You have fragmented component state. When you use primitives for a complex state, one state update may make another one fallback to its previous value or overwrite its change. It is best keep the component state in a single object, so update is always consistent.

Let me elaborate using a promise as an example:

The status of a promise could be represented as:

const [status, setStatus] = createSignal('pending');
const [data, setData] = createSignal(undefined);
const [error, setError] = createSignal(undefined);

When we send the request, status will be 'pending', data and error will be null. When we receive data, status should be 'resolved', data is whatever we receive and error is null.

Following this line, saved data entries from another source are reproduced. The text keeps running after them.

(* Let $\mathcal L:\mathbb R^n\to(-\infty,\infty]$ be proper and lower semicontinuous. (i) Let $B\in\mathbb R^{r\times n}$, $b\in\mathbb R^r$, $\lambda\in\mathbb R^r$ with $\lambda>0$ componentwise, and $\Phi_\lambda\in\{\Phi_{0,\lambda},\Phi_{+,\lambda}\}$. If $\mathcal L$ is ALS, then $H(x):=\mathcal L(x)+\Phi_\lambda(Bx-b)$ is ALS. (ii) Suppose in addition that $\mathcal L$ is convex and ALS, that $C\subseteq\mathbb R^n$ is a polyhedral convex set, and that $\operatorname{dom}\mathcal L\cap C\neq\emptyset$. Then $U(x):=\mathcal L(x)+\delta(x\mid C)$ is ALS.
   Context: For $u\in\mathbb R^r$ and $\lambda\in\mathbb R^r$, $\lambda>0$: $\Phi_{0,\lambda}(u)=\sum_{i=1}^r\lambda_i\mathbf 1_{\{u_i\neq0\}}$ and $\Phi_{+,\lambda}(u)=\sum_{i=1}^r\lambda_i\mathbf 1_{\{u_i>0\}}$. $\delta(x\mid C)$ is $0$ if $x\in C$ and $+\infty$ otherwise. For a proper lsc $\psi:\mathbb R^n\to(-\infty,\infty]$, its asymptotic function is $\psi_\infty(d)=\liminf_{\tilde d\to d,\ t\to+\infty}\psi(t\tilde d)/t$ and $\operatorname{Ker}\psi_\infty=\{d:\psi_\infty(d)=0\}$; $\operatorname{lev}(\psi,\tau)=\{x:\psi(x)\le\tau\}$. $\psi$ is called asymptotically level stable (ALS) if for each $\rho>0$, each bounded sequence of reals $\{\tau_k\}$ and each sequence $\{x^k\}$ with $x^k\in\operatorname{lev}(\psi,\tau_k)$, $\|x^k\|\to\infty$, $x^k/\|x^k\|\to\bar x\in\operatorname{Ker}\psi_\infty$, there is $k_0$ with $x^k-\rho\bar x\in\operatorname{lev}(\psi,\tau_k)$ for all $k\ge k_0$. *)

theory Defs
  imports "HOL-Analysis.Analysis"
begin

text \<open>Extended-real-valued functions on R^n are modelled as functions into ereal.\<close>

definition proper_fun :: "('a \<Rightarrow> ereal) \<Rightarrow> bool" where
  "proper_fun f \<longleftrightarrow> (\<forall>x. f x \<noteq> -\<infinity>) \<and> (\<exists>x. f x \<noteq> \<infinity>)"

definition lsc_fun :: "('a::topological_space \<Rightarrow> ereal) \<Rightarrow> bool" where
  "lsc_fun f \<longleftrightarrow> (\<forall>x. f x \<le> Liminf (at x) f)"

definition dom_fun :: "('a \<Rightarrow> ereal) \<Rightarrow> 'a set" where
  "dom_fun f = {x. f x < \<infinity>}"

definition convex_fun :: "('a::real_vector \<Rightarrow> ereal) \<Rightarrow> bool" where
  "convex_fun f \<longleftrightarrow> convex {(x, \<mu>::real). f x \<le> ereal \<mu>}"

definition Phi0 :: "real^'r \<Rightarrow> real^'r \<Rightarrow> real" where
  "Phi0 lam u = (\<Sum>i\<in>UNIV. lam $ i * (if u $ i \<noteq> 0 then 1 else 0))"

definition Phiplus :: "real^'r \<Rightarrow> real^'r \<Rightarrow> real" where
  "Phiplus lam u = (\<Sum>i\<in>UNIV. lam $ i * (if u $ i > 0 then 1 else 0))"

definition indicator_fun :: "'a set \<Rightarrow> 'a \<Rightarrow> ereal" where
  "indicator_fun C x = (if x \<in> C then 0 else \<infinity>)"

definition asymp_fun :: "('a::real_normed_vector \<Rightarrow> ereal) \<Rightarrow> 'a \<Rightarrow> ereal" where
  "asymp_fun psi d = Liminf (nhds d \<times>\<^sub>F at_top) (\<lambda>(d', t::real). psi (t *\<^sub>R d') / ereal t)"

definition Ker_asymp :: "('a::real_normed_vector \<Rightarrow> ereal) \<Rightarrow> 'a set" where
  "Ker_asymp psi = {d. asymp_fun psi d = 0}"

definition lev :: "('a \<Rightarrow> ereal) \<Rightarrow> real \<Rightarrow> 'a set" where
  "lev psi \<tau> = {x. psi x \<le> ereal \<tau>}"

definition ALS :: "('a::real_normed_vector \<Rightarrow> ereal) \<Rightarrow> bool" where
  "ALS psi \<longleftrightarrow>
    (\<forall>\<rho>::real. \<forall>\<tau>::nat \<Rightarrow> real. \<forall>x::nat \<Rightarrow> 'a. \<forall>xbar.
       \<rho> > 0 \<and> bounded (range \<tau>) \<and> (\<forall>k. x k \<in> lev psi (\<tau> k))
       \<and> filterlim (\<lambda>k. norm (x k)) at_top sequentially
       \<and> (\<lambda>k. x k /\<^sub>R norm (x k)) \<longlonglongrightarrow> xbar
       \<and> xbar \<in> Ker_asymp psi
       \<longrightarrow> (\<exists>k0. \<forall>k\<ge>k0. x k - \<rho> *\<^sub>R xbar \<in> lev psi (\<tau> k)))"

end

theory Submission
  imports Defs
begin

text \<open>
  (i) The penalty \<open>\<Phi>\<^sub>\<lambda>(Bx - b)\<close> is bounded, so adding it changes neither the asymptotic
  function nor the boundedness of the level parameters. Along a sequence with
  \<open>x\<^sup>k/\<parallel>x\<^sup>k\<parallel> \<rightarrow> d\<close>, every entry \<open>(Bx\<^sup>k - b)\<^sub>i\<close> with \<open>(Bd)\<^sub>i \<noteq> 0\<close> eventually has the
  sign of \<open>(Bd)\<^sub>i\<close> and dominates \<open>\<rho>(Bd)\<^sub>i\<close>, so retracting by \<open>\<rho>d\<close> can only switch
  entries off and \<open>\<Phi>\<^sub>\<lambda>\<close> does not increase.

  (ii) Level sequences of \<open>U\<close> lie in \<open>C\<close>, hence \<open>d\<close> is a recession direction of the
  polyhedron \<open>C\<close> and \<open>x\<^sup>k - \<rho>d \<in> C\<close> eventually, one halfspace at a time. It remains to
  see \<open>Ker U\<^sub>\<infinity> \<subseteq> Ker L\<^sub>\<infinity>\<close>: \<open>L \<le> U\<close> gives \<open>L\<^sub>\<infinity>(d) \<le> 0\<close>, and if \<open>L\<^sub>\<infinity>(d) < \<mu> < 0\<close> then
  convexity and lower semicontinuity give \<open>L(x\<^sub>0 + sd) \<le> L(x\<^sub>0) + s\<mu>\<close> on the ray from
  some \<open>x\<^sub>0 \<in> dom L \<inter> C\<close>; the ray stays in \<open>C\<close>, which forces \<open>U\<^sub>\<infinity>(d) \<le> \<mu> < 0\<close>.
\<close>

definition diverges_in_direction :: "(nat \<Rightarrow> 'a::real_normed_vector) \<Rightarrow> 'a \<Rightarrow> bool" where
  "diverges_in_direction x d \<longleftrightarrow>
     filterlim (\<lambda>k. norm (x k)) at_top sequentially \<and> (\<lambda>k. x k /\<^sub>R norm (x k)) \<longlonglongrightarrow> d"
lemma eval_word_twisted:
  assumes w: "w \<in> words k" and h: "\<And>i. i < k \<Longrightarrow> h i \<in> carrier G"
  shows "\<exists>t\<in>carrier G. \<forall>y\<in>carrier G. eval_word G w (\<lambda>i. h i \<otimes> y [^] c i) =
            eval_word G w h \<otimes> y [^] weighted_exponent_sum c w \<otimes> commutator G y t"
  using w
proof (induction w)
  case Nil
  then show ?case by (intro bexI[of _ \<one>]) auto
next
  case (Cons l w)
  obtain i b where l: "l = (i, b)" by fastforce
  with Cons.prems have i: "i < k" and w: "w \<in> words k" by auto
  from Cons.IH[OF w] obtain t where t: "t \<in> carrier G" and
    IH: "\<And>y. y \<in> carrier G \<Longrightarrow> eval_word G w (\<lambda>i. h i \<otimes> y [^] c i)
           = eval_word G w h \<otimes> y [^] weighted_exponent_sum c w \<otimes> commutator G y t"
    by blast
  define W where "W = eval_word G w h"
  have W: "W \<in> carrier G" unfolding W_def using w h by simp
  have hi: "h i \<in> carrier G" using h i by simp
  show ?case
  proof (cases b)
    case True
    have "eval_word G (l # w) (\<lambda>i. h i \<otimes> y [^] c i)
        = eval_word G (l # w) h \<otimes> y [^] weighted_exponent_sum c (l # w)
            \<otimes> commutator G y (W [^] c i \<otimes> t)"
      if y: "y \<in> carrier G" for y
      using int_pow_mult_commutator_shift[OF y W t, of "c i" "weighted_exponent_sum c w"]
        True l IH[OF y] hi W t y
      by (simp add: W_def m_assoc)
    then show ?thesis using W t by (intro bexI[of _ "W [^] c i \<otimes> t"]) auto
  next
    case False
    define V where "V = inv (h i) \<otimes> W"
    have V: "V \<in> carrier G" using hi W by (simp add: V_def)
    have "eval_word G (l # w) (\<lambda>i. h i \<otimes> y [^] c i)
        = eval_word G (l # w) h \<otimes> y [^] weighted_exponent_sum c (l # w)
            \<otimes> commutator G y (V [^] (- c i) \<otimes> t)"
      if y: "y \<in> carrier G" for y
      using int_pow_mult_commutator_shift[OF y V t, of "- c i" "weighted_exponent_sum c w"]
        False l IH[OF y] hi W t y
      by (simp add: V_def W_def m_assoc inv_mult_group int_pow_neg)
    then show ?thesis using V t by (intro bexI[of _ "V [^] (- c i) \<otimes> t"]) auto
  qed
qed
fun tauA :: "complex \<Rightarrow> nat \<Rightarrow> (nat \<Rightarrow> complex) \<Rightarrow> complex \<Rightarrow> nat \<Rightarrow> mop" where
  "tauA g L mu lam 0 = mid"
| "tauA g L mu lam (Suc k) = mmult L (Rop g (lam - mu (Suc k)) (Suc k)) (tauA g L mu lam k)"

fun tbarA :: "complex \<Rightarrow> nat \<Rightarrow> (nat \<Rightarrow> complex) \<Rightarrow> complex \<Rightarrow> nat \<Rightarrow> mop" where
  "tbarA g L mu lam 0 = mid"
| "tbarA g L mu lam (Suc k) = mmult L (tbarA g L mu lam k) (Rop g (lam + mu (Suc k)) (Suc k))"

definition tau :: "complex \<Rightarrow> nat \<Rightarrow> (nat \<Rightarrow> complex) \<Rightarrow> complex \<Rightarrow> mop" where
  "tau g L mu lam = tauA g L mu lam L"

definition tbar :: "complex \<Rightarrow> nat \<Rightarrow> (nat \<Rightarrow> complex) \<Rightarrow> complex \<Rightarrow> mop" where
  "tbar g L mu lam = tbarA g L mu lam L"

definition Kop :: "complex \<Rightarrow> complex \<Rightarrow> mop" where
  "Kop h lam = (\<lambda>a b s u. if a = b then (if a then sinh (h - lam) else sinh (h + lam)) * qid s u
                          else 0)"

definition Tmon :: "complex \<Rightarrow> complex \<Rightarrow> nat \<Rightarrow> (nat \<Rightarrow> complex) \<Rightarrow> complex \<Rightarrow> mop" where
  "Tmon g h L mu lam = mmult L (mmult L (tau g L mu lam) (Kop h lam)) (tbar g L mu lam)"

definition Bop :: "complex \<Rightarrow> complex \<Rightarrow> nat \<Rightarrow> (nat \<Rightarrow> complex) \<Rightarrow> complex \<Rightarrow> qop" where
  "Bop g h L mu lam = Tmon g h L mu lam False True"

fun Bprod :: "complex \<Rightarrow> complex \<Rightarrow> nat \<Rightarrow> (nat \<Rightarrow> complex) \<Rightarrow> (nat \<Rightarrow> complex) \<Rightarrow> nat \<Rightarrow> qop" where
  "Bprod g h L mu lams 0 = qid"
| "Bprod g h L mu lams (Suc k) = qmult L (Bprod g h L mu lams k) (Bop g h L mu (lams (Suc k)))"

text \<open>Z(lam_1..lam_L) = <0bar| B(lam_1)\<cdots>B(lam_L) |0>, |0> = e1^L, <0bar| = (e2^L)^T.\<close>
definition Zpf :: "complex \<Rightarrow> complex \<Rightarrow> nat \<Rightarrow> (nat \<Rightarrow> complex) \<Rightarrow> (nat \<Rightarrow> complex) \<Rightarrow> complex" where
  "Zpf g h L mu lams = Bprod g h L mu lams L (replicate L True) (replicate L False)"

definition Zbar :: "complex \<Rightarrow> complex \<Rightarrow> nat \<Rightarrow> (nat \<Rightarrow> complex) \<Rightarrow> (nat \<Rightarrow> complex) \<Rightarrow> complex" where
  "Zbar g h L mu lams = Zpf g h L mu lams * (\<Prod>i=1..L. exp (2 * lams i) ^ L)"

definition qfact :: "complex \<Rightarrow> nat \<Rightarrow> complex" where
  "qfact p n = (\<Prod>k=1..n. \<Sum>j<k. p ^ j)"

end

theory Submission
  imports Defs
begin

text \<open>
  As Re l tends to infinity, the normalised R-matrix 2 e^(-l) R(l + \<nu>) tends to a diagonal
  matrix with entries e^\<nu> and e^(\<nu> + \<gamma>), and its correction of order e^(-l) comes only
  from the entry c = sinh \<gamma>; similarly 2 e^(-l) K(l) tends to a diagonal matrix. Hence the
  leading term of the double-row monodromy, normalised by (2 e^(-l))^(2L+1), is diagonal in V_0,
  so its off-diagonal entry B(l) is of order e^(2Ll) = x^L, and B(l) / x^L tends to a first-order
  operator that raises exactly one site i from e_1 to e_2, with a weight depending only on i and
  on the number of sites left of i still in state e_1. Therefore Zbar / \<Prod> x_i^(2L) tends to
  the domain-wall matrix element of the L-th power of this operator: a sum over the orders in
  which the sites are raised, which factorises as \<Prod>_i \<Sum>_(m \<le> i) W(i, m). Summing the
  geometric series in m produces the q-factorial and the stated constant.
\<close>

section \<open>Expansions as Re l tends to infinity\<close>

definition Re_at_top :: "complex filter" where
  "Re_at_top = filtercomap Re at_top"

lemma tendsto_exp_neg_Re_at_top: "((\<lambda>l::complex. exp (- l)) \<longlongrightarrow> 0) Re_at_top"
proof -
  have "((\<lambda>x::real. exp (- x)) \<longlongrightarrow> 0) at_top"
    using exp_at_bot filterlim_uminus_at_bot_at_top filterlim_compose by blast
  then have "((\<lambda>l. exp (- Re l)) \<longlongrightarrow> 0) Re_at_top"
    unfolding Re_at_top_def using filterlim_compose filterlim_filtercomap by blast
  then show ?thesis
    by (subst tendsto_norm_zero_iff[symmetric]) simp
qed

definition asymp_expansion :: "(complex \<Rightarrow> complex) \<Rightarrow> complex \<Rightarrow> complex \<Rightarrow> bool" where
  "asymp_expansion f c0 c1 \<longleftrightarrow>
     (f \<longlongrightarrow> c0) Re_at_top \<and> ((\<lambda>l. exp l * (f l - c0)) \<longlongrightarrow> c1) Re_at_top"

lemma asymp_expansion_const: "asymp_expansion (\<lambda>_. c) c 0"
  unfolding asymp_expansion_def by simp

lemma asymp_expansion_mult:
  assumes f: "asymp_expansion f a0 a1" and g: "asymp_expansion g b0 b1"
  shows "asymp_expansion (\<lambda>l. f l * g l) (a0 * b0) (a1 * b0 + a0 * b1)"
proof -
  have "exp l * (f l * g l - a0 * b0) = exp l * (f l - a0) * g l + a0 * (exp l * (g l - b0))" for l
    by (simp add: algebra_simps)
  then show ?thesis
    using f g unfolding asymp_expansion_def by (auto intro!: tendsto_intros)
qed

lemma asymp_expansion_sum:
  assumes "\<And>i. i \<in> I \<Longrightarrow> asymp_expansion (f i) (a0 i) (a1 i)"
  shows "asymp_expansion (\<lambda>l. \<Sum>i\<in>I. f i l) (\<Sum>i\<in>I. a0 i) (\<Sum>i\<in>I. a1 i)"
proof -
  have "exp l * ((\<Sum>i\<in>I. f i l) - (\<Sum>i\<in>I. a0 i)) = (\<Sum>i\<in>I. exp l * (f i l - a0 i))" for l
    by (simp add: right_diff_distrib sum_subtractf sum_distrib_left)
  then show ?thesis
    using assms unfolding asymp_expansion_def by (auto intro!: tendsto_sum)
qed

lemma asymp_expansion_sinh:
  "asymp_expansion (\<lambda>l. 2 * exp (- l) * sinh (l + c)) (exp c) 0"
proof -
  have main: "2 * exp (- l) * sinh (l + c) = exp c - exp (- c) * exp (- l) ^ 2" for l
    by (simp add: sinh_field_def exp_add exp_diff exp_minus field_simps power2_eq_square)
  have sub: "exp l * (2 * exp (- l) * sinh (l + c) - exp c) = - exp (- c) * exp (- l)" for l
    unfolding main by (simp add: exp_minus field_simps power2_eq_square)
  have "((\<lambda>l. exp c - exp (- c) * exp (- l) ^ 2) \<longlongrightarrow> exp c - exp (- c) * 0 ^ 2) Re_at_top"
    and "((\<lambda>l. - exp (- c) * exp (- l)) \<longlongrightarrow> - exp (- c) * 0) Re_at_top"
    by (intro tendsto_intros tendsto_exp_neg_Re_at_top)+
  then show ?thesis
    unfolding asymp_expansion_def sub unfolding main by simp
qed

lemma asymp_expansion_decay: "asymp_expansion (\<lambda>l. 2 * exp (- l) * c) 0 (2 * c)"
proof -
  have "((\<lambda>l. 2 * exp (- l) * c) \<longlongrightarrow> 2 * 0 * c) Re_at_top"
    by (intro tendsto_intros tendsto_exp_neg_Re_at_top)
  moreover have "exp l * (2 * exp (- l) * c - 0) = 2 * c" for l
    by (simp add: exp_minus field_simps)
  ultimately show ?thesis
    unfolding asymp_expansion_def by (simp only: tendsto_const) simp
qed

lemma asymp_expansion_mult_const:
  "asymp_expansion f a0 a1 \<Longrightarrow> asymp_expansion (\<lambda>l. f l * d) (a0 * d) (a1 * d)"
  using asymp_expansion_mult[OF _ asymp_expansion_const] by fastforce

definition mscale :: "complex \<Rightarrow> mop \<Rightarrow> mop" where
  "mscale c M = (\<lambda>a b s u. c * M a b s u)"

definition madd :: "mop \<Rightarrow> mop \<Rightarrow> mop" where
  "madd M N = (\<lambda>a b s u. M a b s u + N a b s u)"

definition mzero :: mop where
  "mzero = (\<lambda>a b s u. 0)"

There are three signals to be updated, and they should be updated at once, if we do it one by one, we will have inconsistent state at some point.

setStatus('resolved');
setData(dataWeReceived);

There is no way to avoid it unless you use batch:

batch(() => {
  setState('resolved');
  setData(dataWeReceived);
});

Batch delays running the effects until states updates are completed. So, effects do not receive inconsistent states.

https://www.solidjs.com/docs/latest/api#batch

Alternatively we could use a single object:

type Resource<T = any, E = Error> = 
| { status: 'pending' }
| { status: 'success', success: T }
| { status: 'error', error: E }
;

const [state, setState] = createSignal({ status: 'pending' })

Now when we update the sate we update a single object, so the state is always consistent.

setState({ status: 'resolved', data: dataWeReceived )});

You can see the discussions for an actual case:

So, to answer your question, all these states:

const [state, setState] = createSignal<State>("idle");
const [blob, setBlob] = createSignal<Blob | null>(null);
const [count, setCount] = createSignal<number>(0);
const [message, setMessage] = createSignal<string>("start recording");

Should be merged into a single object:

const [state, setState] = createSignal({
  status: 'idle',
  count: 0,
  blob: null,
  message: "Start Recording",
});

When you need to update one or multiple properties:

setState(prev => ({...prev, count: prev + 1 });

Alternatively you can use a store, which internally uses a single proxied object. Store is a wrapper around a reactive object that captures all the interaction and re-wires. But performance will degrade because of indirection. Signal with an object is better fit for use case.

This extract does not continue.